Certainly, it’s a long NBA season for a guy going through his first full one after being limited by a back disk problem to just 28 games in 2008-09. It gets longer by the day for the Knicks, who have a surgically repaired former star, Tracy McGrady, out of gas, and a potential star like Gallinari unable to find his pedal.

“The questions you have [are]: Can [Gallinari] play defense? Is he tough enough?” D’Antoni said. “I think he’s really tough.

“He’s been off with his shot . . . but I don’t think its anything to be alarmed about. People with good intentions tell him he can’t be just a 3-point shooter. But if his strength is shooting from the outside, that’s what he should do.

“If they come out and play him, he shouldn’t be programmed that ‘I gotta drive’ or ‘I have to post up.’ Sometimes I think he’s thinking too much about the game, instead of just playing and reacting.”

Gallinari, who played in an Italian League that didn’t have this kind of in-season player movement, has been reacting badly to the trades of 10 days ago.

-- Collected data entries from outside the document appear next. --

lemma root_eqI:
  assumes "acyclic E" "is_root V E r"
  shows "root V E = r"
  unfolding root_def
proof (rule the_equality)
  fix r' assume "is_root V E r'"
  then have "(r, r') \<in> E\<^sup>*" "(r', r) \<in> E\<^sup>*" using assms(2) by (auto simp: is_root_def)
  then show "r' = r" using acyclic_impl_antisym_rtrancl[OF assms(1)] by (simp add: antisymD)
qed (fact assms(2))

lemma is_root_paths_upto:
  "acyclic (set El) \<Longrightarrow>
     is_root V (set El) r \<longleftrightarrow> r \<in> V \<and> (\<forall>v\<in>V. paths_upto (Suc (length El)) El r v \<noteq> [])"
  by (simp add: is_root_def rtrancl_iff_paths_upto)

lemma Cl_paths_upto:
  "acyclic (set El) \<Longrightarrow>
     Cl V (set El) lab u =
       lab ` Set.filter (\<lambda>s. paths_upto (Suc (length El)) El u s \<noteq> []) (leaves V (set El))"
  by (auto simp: Cl_def rtrancl_iff_paths_upto)

lemma Al_paths_upto:
  "acyclic (set El) \<Longrightarrow>
     Al V (set El) lab u =
       lab ` Set.filter (\<lambda>s. \<forall>xs\<in>set (paths_upto (Suc (length El)) El (root V (set El)) s). u \<in> set xs)
         (leaves V (set El))"
  by (auto simp: Al_def set_paths_upto_all)

lemma hyb_weight_paths_upto:
  "acyclic (set El) \<Longrightarrow>
     hyb_weight (set El) v s =
       Max ((\<lambda>xs. length (filter (is_hybrid (set El)) xs)) `
         set (paths_upto (Suc (length El)) El v s))"
  by (simp add: hyb_weight_def set_paths_upto_all setcompr_eq_image)
(* Let $n\ge 1$ and let $\varphi$ be a tame automorphism of $\mathbf{C}[x_1,\dots,x_{n+1}]$. For $q\in\mathbf{C}[x_1,\dots,x_n]$, let $\varphi_q$ be the $\mathbf{C}$-algebra endomorphism of $\mathbf{C}[x_1,\dots,x_n]$ sending $x_i$ ($1\le i\le n$) to the polynomial obtained from $\varphi(x_i)$ by substituting $q$ for $x_{n+1}$. Then there exists $q\in\mathbf{C}[x_1,\dots,x_n]$ such that $\varphi_q$ is injective.
   Context: An automorphism of $\mathbf{C}[x_1,\dots,x_N]$ is elementary if it fixes all variables except one, $x_i$, and maps $x_i$ to $x_i + f(x_1,\dots,x_{i-1},x_{i+1},\dots,x_N)$; it is tame if it is a composition of elementary and linear automorphisms. *)

theory Defs
  imports Complex_Main "HOL-Library.Poly_Mapping"
begin

text \<open>Multivariate polynomials over the complex numbers in the variables
  x_0, x_1, x_2, ... (0-indexed): a monomial is a finitely supported exponent
  vector nat =>0 nat, a polynomial a finitely supported coefficient map.
  Multiplication is the convolution product from Poly_Mapping.\<close>

type_synonym mpoly = "(nat \<Rightarrow>\<^sub>0 nat) \<Rightarrow>\<^sub>0 complex"

definition mpolys :: "nat \<Rightarrow> mpoly set" where
  "mpolys N = {p :: mpoly. \<forall>m\<in>Poly_Mapping.keys p. Poly_Mapping.keys m \<subseteq> {..<N}}"

definition Var :: "nat \<Rightarrow> mpoly" where
  "Var i = Poly_Mapping.single (Poly_Mapping.single i 1) 1"

definition Const :: "complex \<Rightarrow> mpoly" where
  "Const c = Poly_Mapping.single 0 c"

definition subst :: "(nat \<Rightarrow> mpoly) \<Rightarrow> mpoly \<Rightarrow> mpoly" where
  "subst s p = (\<Sum>m\<in>Poly_Mapping.keys p. Const (Poly_Mapping.lookup p m) * (\<Prod>i\<in>Poly_Mapping.keys m. s i ^ Poly_Mapping.lookup m i))"

text \<open>Tame automorphisms of C[x_0,...,x_{N-1}], represented by the images
  of the variables (variables x_i with i >= N are mapped to themselves).\<close>
inductive tame :: "nat \<Rightarrow> (nat \<Rightarrow> mpoly) \<Rightarrow> bool" for N :: nat where
  elementary: "\<lbrakk> i < N; f \<in> mpolys N; \<forall>m\<in>Poly_Mapping.keys f. Poly_Mapping.lookup m i = 0 \<rbrakk>
      \<Longrightarrow> tame N (Var(i := Var i + f))"
| linear: "\<lbrakk> \<forall>j<N. \<forall>k<N. (\<Sum>l<N. A j l * B l k) = (if j = k then 1 else 0) \<rbrakk>
      \<Longrightarrow> tame N (\<lambda>j. if j < N then (\<Sum>k<N. Const (A j k) * Var k) else Var j)"
| comp: "\<lbrakk> tame N \<sigma>; tame N \<tau> \<rbrakk> \<Longrightarrow> tame N (\<lambda>j. subst \<sigma> (\<tau> j))"

end

theory Submission
  imports Defs
begin

(* The variables are x_0, ..., x_n.  Let \<psi> be an inverse of \<phi> fixing x_j for j > n.
   If \<phi>_q p = 0, then \<phi> p vanishes under x_n := q, so x_n - q divides \<phi> p, and applying \<psi>
   gives p = (\<psi> x_n - \<psi> q) * \<psi> h.  Degrees in x_n add up under multiplication, so every
   nonzero multiple of a polynomial involving x_n involves x_n; as p does not, p = 0 once
   \<psi> x_n - \<psi> q involves x_n.  Such a q exists: q = 0 if \<psi> x_n involves x_n, and otherwise
   q = x_i for some i < n with \<psi> x_i involving x_n, since \<psi> (\<phi> x_n) = x_n rules out that \<psi> maps
   every variable to a polynomial free of x_n. *)

lift_definition restrict_keys :: "('k \<Rightarrow> bool) \<Rightarrow> ('k \<Rightarrow>\<^sub>0 'a::zero) \<Rightarrow> 'k \<Rightarrow>\<^sub>0 'a"
  is "\<lambda>P f k. if P k then f k else 0"
  by (erule rev_finite_subset) (auto split: if_splits)

lemma lookup_restrict_keys [simp]:
  "Poly_Mapping.lookup (restrict_keys P p) k = (if P k then Poly_Mapping.lookup p k else 0)"
  by transfer simp

lemma keys_restrict_keys [simp]:
  "Poly_Mapping.keys (restrict_keys P p) = {k \<in> Poly_Mapping.keys p. P k}"
  by (auto simp: in_keys_iff split: if_splits)

lemma sum_single_lookup:
  "(\<Sum>k\<in>Poly_Mapping.keys p. Poly_Mapping.single k (Poly_Mapping.lookup p k)) = p"
proof (rule poly_mapping_eqI)
  fix x
  show "Poly_Mapping.lookup (\<Sum>k\<in>Poly_Mapping.keys p. Poly_Mapping.single k (Poly_Mapping.lookup p k)) x
      = Poly_Mapping.lookup p x"
    by (cases "x \<in> Poly_Mapping.keys p") (auto simp: lookup_sum lookup_single when_def in_keys_iff)
qed

definition degree_in :: "'v \<Rightarrow> (('v \<Rightarrow>\<^sub>0 nat) \<Rightarrow>\<^sub>0 'a::zero) \<Rightarrow> nat" where
  "degree_in v p = Max (insert 0 ((\<lambda>m. Poly_Mapping.lookup m v) ` Poly_Mapping.keys p))"

definition vars :: "(('v \<Rightarrow>\<^sub>0 nat) \<Rightarrow>\<^sub>0 'a::zero) \<Rightarrow> 'v set" where
  "vars p = (\<Union>m\<in>Poly_Mapping.keys p. Poly_Mapping.keys m)"

lemma degree_in_le_iff:
  "degree_in v p \<le> d \<longleftrightarrow> (\<forall>m\<in>Poly_Mapping.keys p. Poly_Mapping.lookup m v \<le> d)"
  by (simp add: degree_in_def)

lemma lookup_le_degree_in:
  "m \<in> Poly_Mapping.keys p \<Longrightarrow> Poly_Mapping.lookup m v \<le> degree_in v p"
  using degree_in_le_iff[of v p "degree_in v p"] by blast

lemma degree_in_attained:
  assumes "p \<noteq> 0"
  shows "\<exists>m\<in>Poly_Mapping.keys p. Poly_Mapping.lookup m v = degree_in v p"
proof -
  obtain m0 where m0: "m0 \<in> Poly_Mapping.keys p"
    using assms by (metis keys_eq_empty ex_in_conv)
  have "degree_in v p \<in> insert 0 ((\<lambda>m. Poly_Mapping.lookup m v) ` Poly_Mapping.keys p)"
    unfolding degree_in_def by (intro Max_in) auto
  then show ?thesis
    using m0 lookup_le_degree_in[OF m0, of v] by auto
qed

lemma in_vars_iff_degree_in: "v \<in> vars p \<longleftrightarrow> 0 < degree_in v p"
proof
  assume "v \<in> vars p"
  then obtain m where "m \<in> Poly_Mapping.keys p" "0 < Poly_Mapping.lookup m v"
    by (auto simp: vars_def in_keys_iff)
  then show "0 < degree_in v p"
    using lookup_le_degree_in by (metis order_less_le_trans)
next
  assume "0 < degree_in v p"
  then have "p \<noteq> 0"
    by (auto simp: degree_in_def)
  then obtain m where "m \<in> Poly_Mapping.keys p" "Poly_Mapping.lookup m v = degree_in v p"
    using degree_in_attained[of p v] by blast
  moreover from this \<open>0 < degree_in v p\<close> have "v \<in> Poly_Mapping.keys m"
    by (simp add: in_keys_iff)
  ultimately show "v \<in> vars p"
    unfolding vars_def by blast
qed

lemma keys_multE:
  fixes A B :: "('v \<Rightarrow>\<^sub>0 nat) \<Rightarrow>\<^sub>0 'a::comm_semiring_0"
  assumes "c \<in> Poly_Mapping.keys (A * B)"
  obtains a b where "a \<in> Poly_Mapping.keys A" "b \<in> Poly_Mapping.keys B"
    "Poly_Mapping.lookup c v = Poly_Mapping.lookup a v + Poly_Mapping.lookup b v"
  using keys_mult[of A B] assms by (auto simp: lookup_add)

definition lead_in :: "'v \<Rightarrow> (('v \<Rightarrow>\<^sub>0 nat) \<Rightarrow>\<^sub>0 'a::zero) \<Rightarrow> ('v \<Rightarrow>\<^sub>0 nat) \<Rightarrow>\<^sub>0 'a" where
  "lead_in v p = restrict_keys (\<lambda>m. Poly_Mapping.lookup m v = degree_in v p) p"

lemma lead_in_nonzero: "p \<noteq> 0 \<Longrightarrow> lead_in v p \<noteq> 0"
  using degree_in_attained[of p v] by (auto simp: lead_in_def simp flip: keys_eq_empty)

“I don’t know, could be many reasons,” Gallinari said, asked why he has stopped shooting. “It’s a new team, this could be a reason — I don’t know.”

Harder to know is why that’s a credible excuse, because his last 20-point game was 16 games ago.

McGrady was on the bench for the fourth quarter and overtime Friday night while Gallinari was totaling 41 minutes, and didn’t play after halftime last night. The kid’s not being denied any time by the trades that so shook him up.

Jordan Hill, the 2009 first-round pick, is gone, as is the 2010 first-round pick, as is the 2012 top pick, while the flip-flopped 2011 pick with Houston will be the lesser of the two. That means Gallinari, taken sixth overall in 2008, will be the best thing the Knicks get out of a draft over a five-year period, a problem if they don’t hit the jackpot in free agency or maybe a problem filling out a strong rotation regardless.

There is a lot riding on this kid showing he’s going to be a lot better than this.